/---

(* Let $\lambda_1,\ldots,\lambda_n\in\mathcal WP^+$, $\pi_\Lambda=\pi_{\lambda_1}\otimes\cdots\otimes\pi_{\lambda_n}$, $\pi_{\tilde\Lambda}=\pi_{\tilde\lambda_1}\otimes\cdots\otimes\pi_{\tilde\lambda_n}$, let $\mathbf i=(i_k,\ldots,i_1)$ be a sequence in $I$ with associated $\mathbf m=(m_k,\ldots,m_1)$, and put $\pi=F_{\mathbf i}\pi_\Lambda$, $\tilde\pi=F_{(\mathbf i,\mathbf m)}\pi_{\tilde\Lambda}$. For $1\le s\le k$ let $\mathbf i_{[s]}=(i_s,\ldots,i_1)$ and $(\mathbf i,\mathbf m)_{[s]}=((i_s,m_s),\ldots,(i_1,m_1))$. If $\pi\ne\mathbf0$, then $\tilde\pi\ne\mathbf0$, and moreover $$H_{i_s}^{F_{\mathbf i_{[s-1]}}\pi_\Lambda}(t)=\tilde H_{(i_s,m_s)}^{F_{(\mathbf i,\mathbf m)_{[s-1]}}\pi_{\tilde\Lambda}}(t)$$ for all $s=1,\ldots,k$ and $t\in[0,1]$ (with $F_{\mathbf i_{[0]}}$, $F_{(\mathbf i,\mathbf m)_{[0]}}$ the identity).
   Context: $I$ countable, $A=(a_{ij})$ Borcherds–Cartan matrix ($a_{ii}=2$ or $a_{ii}\in\mathbb Z_{\le0}$; $a_{ij}\in\mathbb Z_{\le0}$, $i\ne j$; $a_{ij}=0\iff a_{ji}=0$), $I^{re}=\{a_{ii}=2\}$, $I^{im}=I\setminus I^{re}$, datum $(A,\{\alpha_i\},\{\alpha_i^\vee\},P,P^\vee)$, $\alpha_i^\vee(\alpha_j)=a_{ij}$, linearly independent simple roots/coroots, $P^+$ dominant integral weights. Monoid $\mathcal W$ generated by $r_i$ ($r_i(\mu)=\mu-\alpha_i^\vee(\mu)\alpha_i$) with $r_i^2=1$ (real), $(r_ir_j)^m=(r_jr_i)^m=1$ (real $i\ne j$, $\mathrm{ord}(r_ir_j)=m\in\{2,3,4,6\}$), $r_ir_j=r_jr_i$ ($i\in I^{im}$, $j\ne i$, $a_{ij}=0$), acting on $\mathfrak h^*$; $\mathcal WP^+=\{w\lambda:w\in\mathcal W,\lambda\in P^+\}$. Paths: piecewise-linear $\pi:[0,1]\to\mathfrak h^*_{\mathbb R}$ with $\pi(0)=0$, $\pi(1)\in P$; $\mathbf0$ an extra element. $H_i^\pi(t)=\alpha_i^\vee(\pi(t))$, $m_i^\pi=\min\{H_i^\pi(t)\in\mathbb Z\}$. Root operator $f_i$ ($f_i\mathbf 0=\mathbf0$): $f_+^i=\max\{t:H_i^\pi(t)=m_i^\pi\}$; if $f_+^i=1$, $f_i\pi=\mathbf0$; else $f_-^i=\min\{t\ge f_+^i:H_i^\pi(t)=m_i^\pi+1\}$ and $f_i\pi=\pi$ on $[0,f_+^i]$, $\pi-(H_i^\pi-m_i^\pi)\alpha_i$ on $[f_+^i,f_-^i]$, $\pi-\alpha_i$ on $[f_-^i,1]$. $F_{\mathbf i}=f_{i_k}\cdots f_{i_1}$. $\pi_\mu(t)=t\mu$; concatenation $(\pi_1\otimes\cdots\otimes\pi_n)(t)=\sum_{l<m}\pi_l(1)+\pi_m(nt-m+1)$ on $[\frac{m-1}n,\frac mn]$. Kac–Moody side: $\tilde I=\{(i,1)\}_{i\in I^{re}}\sqcup\{(i,m)\}_{i\in I^{im},m\ge1}$; $\tilde A$ with $2$ on the diagonal and $\tilde a_{(i,m),(j,n)}=a_{ij}$ otherwise; Cartan datum $(\tilde A,\{\tilde\alpha_{(i,m)}\},\{\tilde\alpha^\vee_{(i,m)}\},\tilde P,\tilde P^\vee)$; for $\mu\in\mathcal WP^+$ fixed $\tilde\mu\in\tilde P$ with $\tilde\alpha^\vee_{(i,m)}(\tilde\mu)=\alpha_i^\vee(\mu)$ for all $(i,m)$. For paths $\tilde\pi$ into $(\tilde{\mathfrak h}_{\mathbb R})^*$, $\tilde H_{(i,m)}^{\tilde\pi}(t)=\tilde\alpha^\vee_{(i,m)}(\tilde\pi(t))$, and root operators $f_{(i,m)}$ defined by the same formulas. $\mathbf m$ associated with $\mathbf i$: $m_s=1$ if $i_s\in I^{re}$, $m_s=\#\{t\le s:i_t=i_s\}$ if $i_s\in I^{im}$; $F_{(\mathbf i,\mathbf m)}=f_{(i_k,m_k)}\cdots f_{(i_1,m_1)}$. *)

theory Defs
  imports Complex_Main "HOL-Library.Countable"
begin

\---

Write out each entry again, character for character.

(* Let $\lambda_1,\ldots,\lambda_n\in\mathcal WP^+$, $\pi_\Lambda=\pi_{\lambda_1}\otimes\cdots\otimes\pi_{\lambda_n}$, $\pi_{\tilde\Lambda}=\pi_{\tilde\lambda_1}\otimes\cdots\otimes\pi_{\tilde\lambda_n}$, let $\mathbf i=(i_k,\ldots,i_1)$ be a sequence in $I$ with associated $\mathbf m=(m_k,\ldots,m_1)$, and put $\pi=F_{\mathbf i}\pi_\Lambda$, $\tilde\pi=F_{(\mathbf i,\mathbf m)}\pi_{\tilde\Lambda}$. For $1\le s\le k$ let $\mathbf i_{[s]}=(i_s,\ldots,i_1)$ and $(\mathbf i,\mathbf m)_{[s]}=((i_s,m_s),\ldots,(i_1,m_1))$. If $\pi\ne\mathbf0$, then $\tilde\pi\ne\mathbf0$, and moreover $$H_{i_s}^{F_{\mathbf i_{[s-1]}}\pi_\Lambda}(t)=\tilde H_{(i_s,m_s)}^{F_{(\mathbf i,\mathbf m)_{[s-1]}}\pi_{\tilde\Lambda}}(t)$$ for all $s=1,\ldots,k$ and $t\in[0,1]$ (with $F_{\mathbf i_{[0]}}$, $F_{(\mathbf i,\mathbf m)_{[0]}}$ the identity).
   Context: $I$ countable, $A=(a_{ij})$ Borcherds–Cartan matrix ($a_{ii}=2$ or $a_{ii}\in\mathbb Z_{\le0}$; $a_{ij}\in\mathbb Z_{\le0}$, $i\ne j$; $a_{ij}=0\iff a_{ji}=0$), $I^{re}=\{a_{ii}=2\}$, $I^{im}=I\setminus I^{re}$, datum $(A,\{\alpha_i\},\{\alpha_i^\vee\},P,P^\vee)$, $\alpha_i^\vee(\alpha_j)=a_{ij}$, linearly independent simple roots/coroots, $P^+$ dominant integral weights. Monoid $\mathcal W$ generated by $r_i$ ($r_i(\mu)=\mu-\alpha_i^\vee(\mu)\alpha_i$) with $r_i^2=1$ (real), $(r_ir_j)^m=(r_jr_i)^m=1$ (real $i\ne j$, $\mathrm{ord}(r_ir_j)=m\in\{2,3,4,6\}$), $r_ir_j=r_jr_i$ ($i\in I^{im}$, $j\ne i$, $a_{ij}=0$), acting on $\mathfrak h^*$; $\mathcal WP^+=\{w\lambda:w\in\mathcal W,\lambda\in P^+\}$. Paths: piecewise-linear $\pi:[0,1]\to\mathfrak h^*_{\mathbb R}$ with $\pi(0)=0$, $\pi(1)\in P$; $\mathbf0$ an extra element. $H_i^\pi(t)=\alpha_i^\vee(\pi(t))$, $m_i^\pi=\min\{H_i^\pi(t)\in\mathbb Z\}$. Root operator $f_i$ ($f_i\mathbf 0=\mathbf0$): $f_+^i=\max\{t:H_i^\pi(t)=m_i^\pi\}$; if $f_+^i=1$, $f_i\pi=\mathbf0$; else $f_-^i=\min\{t\ge f_+^i:H_i^\pi(t)=m_i^\pi+1\}$ and $f_i\pi=\pi$ on $[0,f_+^i]$, $\pi-(H_i^\pi-m_i^\pi)\alpha_i$ on $[f_+^i,f_-^i]$, $\pi-\alpha_i$ on $[f_-^i,1]$. $F_{\mathbf i}=f_{i_k}\cdots f_{i_1}$. $\pi_\mu(t)=t\mu$; concatenation $(\pi_1\otimes\cdots\otimes\pi_n)(t)=\sum_{l<m}\pi_l(1)+\pi_m(nt-m+1)$ on $[\frac{m-1}n,\frac mn]$. Kac–Moody side: $\tilde I=\{(i,1)\}_{i\in I^{re}}\sqcup\{(i,m)\}_{i\in I^{im},m\ge1}$; $\tilde A$ with $2$ on the diagonal and $\tilde a_{(i,m),(j,n)}=a_{ij}$ otherwise; Cartan datum $(\tilde A,\{\tilde\alpha_{(i,m)}\},\{\tilde\alpha^\vee_{(i,m)}\},\tilde P,\tilde P^\vee)$; for $\mu\in\mathcal WP^+$ fixed $\tilde\mu\in\tilde P$ with $\tilde\alpha^\vee_{(i,m)}(\tilde\mu)=\alpha_i^\vee(\mu)$ for all $(i,m)$. For paths $\tilde\pi$ into $(\tilde{\mathfrak h}_{\mathbb R})^*$, $\tilde H_{(i,m)}^{\tilde\pi}(t)=\tilde\alpha^\vee_{(i,m)}(\tilde\pi(t))$, and root operators $f_{(i,m)}$ defined by the same formulas. $\mathbf m$ associated with $\mathbf i$: $m_s=1$ if $i_s\in I^{re}$, $m_s=\#\{t\le s:i_t=i_s\}$ if $i_s\in I^{im}$; $F_{(\mathbf i,\mathbf m)}=f_{(i_k,m_k)}\cdots f_{(i_1,m_1)}$. *)

theory Defs
  imports Complex_Main "HOL-Library.Countable"
begin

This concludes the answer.